Bientôt, un nuage de particules se forme autour du foyer. De plus en plus déconcerté, Masson espère encore son éventuel réveil.

  • Ce qu'il me faudrait, là, maintenant, c'est une bonne cigarette.

Comme s'il avait compris, l'homme aux gants blancs sort de son veston une longue pipe de bois minutieusement taillée. Il saisit dans la poche de son pantalon, une petite bourse de cuir, un cuir noir, comme l'était celui de la mallette disparue. De là, il extirpe plusieurs feuilles séchées dont il bourre son calumet, puis saisit une branche dans le feu pour incendier le tout. Il tire plusieurs bouffée d'une fumée épaisse avec un ronronnement de plaisir. Le gamin danse toujours, comme hypnotisé par les litanies de l'homme en noir. La poussière soulevée aguiche les flammes d'un feu déjà véhément. Le métisse, quant à lui, ne cesse de fixer le foyer, silencieux.

L'homme au chapeau de paille tend la pipe à Masson qui la saisit et s'empresse d'en inhaler la fumée.

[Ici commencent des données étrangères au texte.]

(* Let $M$ be an $\widehat{\mathrm{FI}}$-module. If for some $N$ the module $\Sigma^NM$ is an $\mathrm{FI}$-module with generation degree $\le d$, then $\delta(M)\le d$.
   Context: $\widehat{\mathrm S}_n=\{(\sigma,d)\in\mathrm S_n\times\mathbb Z: d\text{ odd}\iff\operatorname{sgn}\sigma=-1\}$ ($n\ge2$; trivial for $n=0,1$). $\widehat{\mathrm{FI}}$: objects $n\in\mathbb N$, $\widehat{\mathrm{FI}}(n,m)=\widehat{\mathrm S}_m/i_2(\widehat{\mathrm S}_{m-n})$, composition $([s],[t])\mapsto[t\,i_1(s)]$, with a monoidal structure $n\oplus m=n+m$ (morphisms combined using $i_1,i_2$ and a braiding from $\mathrm{Br}_n\to\widehat{\mathrm S}_n$). $\Sigma M$ is the restriction of $M$ along $-\oplus1$; the morphism $0\to 1$ gives $M\to\Sigma M$; $\Delta M$ is its cokernel. $M$ is torsion if each $x\in M_n$ satisfies $f_*(x)=0$ for some morphism $f:n\to m$. The stable degree $\delta(M)$ is the least $N\ge-1$ with $\Delta^{N+1}M$ torsion. An $\mathrm{FI}$-module here is an $\widehat{\mathrm{FI}}$-module factoring through $\widehat{\mathrm{FI}}\to\mathrm{FI}$; generation degree $\le d$ means being a quotient of a module induced from degrees $\le d$. *)

theory Defs
  imports "HOL-Combinatorics.Permutations" "HOL-Library.Extended_Real"
begin

text \<open>Elements of \<open>S_n \<times> \<int>\<close>: a permutation of \<open>{0..<n}\<close> (identity elsewhere) and an integer.\<close>
type_synonym shat = "(nat \<Rightarrow> nat) \<times> int"

definition Shat :: "nat \<Rightarrow> shat set" where
  "Shat n = (if n \<le> 1 then {(id, 0)}
             else {(\<sigma>, d). \<sigma> permutes {..<n} \<and> (odd d \<longleftrightarrow> sign \<sigma> = -1)})"

definition smul :: "shat \<Rightarrow> shat \<Rightarrow> shat" where
  "smul s t = (fst s \<circ> fst t, snd s + snd t)"

definition sone :: shat where "sone = (id, 0)"

text \<open>\<open>i_1 : S^_n \<rightarrow> S^_(n+m)\<close> is the identity on our representation (permutations of
  \<open>{..<n}\<close> are permutations of \<open>{..<n+m}\<close>); \<open>i_2 n : S^_k \<rightarrow> S^_(n+k)\<close> shifts by \<open>n\<close>.\<close>
definition i1 :: "shat \<Rightarrow> shat" where "i1 s = s"

definition i2 :: "nat \<Rightarrow> shat \<Rightarrow> shat" where
  "i2 n s = ((\<lambda>i. if i < n then i else n + fst s (i - n)), snd s)"

text \<open>A representative in \<open>S^_(m+1)\<close> of \<open>id_n \<oplus> braiding\<close> used for \<open>f \<oplus> id_1\<close>, \<open>f : n \<rightarrow> m\<close>:
  the cycle sending \<open>n \<mapsto> m\<close> and \<open>i \<mapsto> i-1\<close> for \<open>n < i \<le> m\<close>, lifted with \<open>m-n\<close> crossings.\<close>
definition cyc :: "nat \<Rightarrow> nat \<Rightarrow> shat" where
  "cyc n m = ((\<lambda>i. if n \<le> i \<and> i \<le> m then (if i = n then m else i - 1) else i), int (m - n))"

text \<open>An \<open>FI^\<close>-module with values in abelian groups: \<open>carr n\<close> is the group \<open>M_n\<close>
 (a subgroup of the ambient abelian group \<open>'a\<close>), and \<open>act n m s\<close> is \<open>[s]_* : M_n \<rightarrow> M_m\<close>
 for the morphism \<open>[s] \<in> FI^(n,m) = S^_m / i_2(S^_(m-n))\<close> represented by \<open>s \<in> S^_m\<close>.\<close>
record 'a fhmod =
  carr :: "nat \<Rightarrow> 'a set"
  act :: "nat \<Rightarrow> nat \<Rightarrow> shat \<Rightarrow> 'a \<Rightarrow> 'a"

definition is_subgroup :: "'a::ab_group_add set \<Rightarrow> bool" where
  "is_subgroup H \<longleftrightarrow> 0 \<in> H \<and> (\<forall>a\<in>H. \<forall>b\<in>H. a - b \<in> H)"

definition fihat_module :: "'a::ab_group_add fhmod \<Rightarrow> bool" where
  "fihat_module M \<longleftrightarrow>
     (\<forall>n. is_subgroup (carr M n)) \<and>
     (\<forall>n m s. n \<le> m \<longrightarrow> s \<in> Shat m \<longrightarrow>
        (\<forall>x\<in>carr M n. act M n m s x \<in> carr M m) \<and>
        (\<forall>x\<in>carr M n. \<forall>y\<in>carr M n. act M n m s (x + y) = act M n m s x + act M n m s y) \<and>
        (\<forall>u\<in>Shat (m - n). \<forall>x\<in>carr M n. act M n m (smul s (i2 n u)) x = act M n m s x)) \<and>
     (\<forall>n. \<forall>x\<in>carr M n. act M n n sone x = x) \<and>
     (\<forall>n m k s t. n \<le> m \<longrightarrow> m \<le> k \<longrightarrow> s \<in> Shat m \<longrightarrow> t \<in> Shat k \<longrightarrow>
        (\<forall>x\<in>carr M n. act M m k t (act M n m s x) = act M n k (smul t (i1 s)) x))"

text \<open>Subquotients: a pair \<open>(M, K)\<close> stands for the module \<open>n \<mapsto> M_n / K_n\<close>.
  All constructions (\<open>\<Sigma>\<close>, \<open>\<Delta>\<close>) are performed on such pairs; an honest module \<open>M\<close> is \<open>(M, 0)\<close>.\<close>
type_synonym 'a sqmod = "'a fhmod \<times> (nat \<Rightarrow> 'a set)"

definition as_sq :: "'a::ab_group_add fhmod \<Rightarrow> 'a sqmod" where
  "as_sq M = (M, \<lambda>_. {0})"

text \<open>\<open>\<Sigma>\<close>: restriction along \<open>- \<oplus> 1\<close>; \<open>[s] \<oplus> id_1 = [i_1(s) \<cdot> cyc n m]\<close>.\<close>
definition Sig_mod :: "'a fhmod \<Rightarrow> 'a fhmod" where
  "Sig_mod M = \<lparr> carr = (\<lambda>n. carr M (Suc n)),
                 act = (\<lambda>n m s. act M (Suc n) (Suc m) (smul (i1 s) (cyc n m))) \<rparr>"

definition Sig :: "'a sqmod \<Rightarrow> 'a sqmod" where
  "Sig P = (Sig_mod (fst P), (\<lambda>n. snd P (Suc n)))"

text \<open>\<open>\<Delta>\<close>: cokernel of \<open>M \<rightarrow> \<Sigma>M\<close>, induced by \<open>id_n \<oplus> (0 \<rightarrow> 1) = [id] \<in> FI^(n, n+1)\<close>.\<close>
definition Del :: "'a::ab_group_add sqmod \<Rightarrow> 'a sqmod" where
  "Del P = (Sig_mod (fst P),
            (\<lambda>n. {a + act (fst P) n (Suc n) sone b | a b. a \<in> snd P (Suc n) \<and> b \<in> carr (fst P) n}))"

  • Coaf ! Coaf ! Oh putain ! Coaf... Oh les cons ! Ça, c'est pas du tabac.

De sa main gauche, l'homme en costume redresse son chapeau et reprend la pipe. Sa peau noire et ses dents blanches brillantes dans le noir, il glisse doucement sa main droite dans le dos de Masson, le tapotant légèrement :

  • Ah mon fils, si tu savais.

Sur ces mots, son bras droit se fait plus ferme. Affichant un large sourire, il pousse son interlocuteur vers le feu. Surpris par le français parfait et le geste brusque de son voisin, l'homme d'affaire ne parvient pas à s'échapper. Anticipant les flammes, abandonnant l'espoir de s'y soustraire, il ferme les yeux.

Comme une odeur de Jasmin dans l'air.

  • Monsieur ? Monsieur, vous m'entendez ? Je crois qu'il se réveille. C'est bon, va chercher le brancard. Monsieur, regardez moi.

Masson ouvre lentement les yeux : un ciel gris, des immeubles, deux visages.

Dans un craquement, ses oreilles semblent se déboucher simultanément. Le son des voitures et de la ville lui apparaissent à nouveau.

Une femme blanche et un homme noir sont agenouillés à ses côtés. Le noir se redresse et commence à s'éloigner tandis qu'un brancardier s'approche.

  • C'est bon, on peut l'embarquer ?
  • Ouais, mais attends... Monsieur. Please sir... Mince, il est parti. Cet homme lui a sauvé la vie. D'après les flics, voilà près d'une demi heure qu'il réalise seul un massage cardiaque. Mais il n'a pas décroché un mot en français.
  • C'est un sans domicile, les passants ont appelé la police avant notre service. C'est un miracle que ce bonhomme soit encore vivant. Allez, 1, 2...

Masson, installé sur la civière, cherche instinctivement une cigarette dans sa poche. Là, rien d'autre qu'une paire de lunettes reliées par un large élastique de caoutchouc.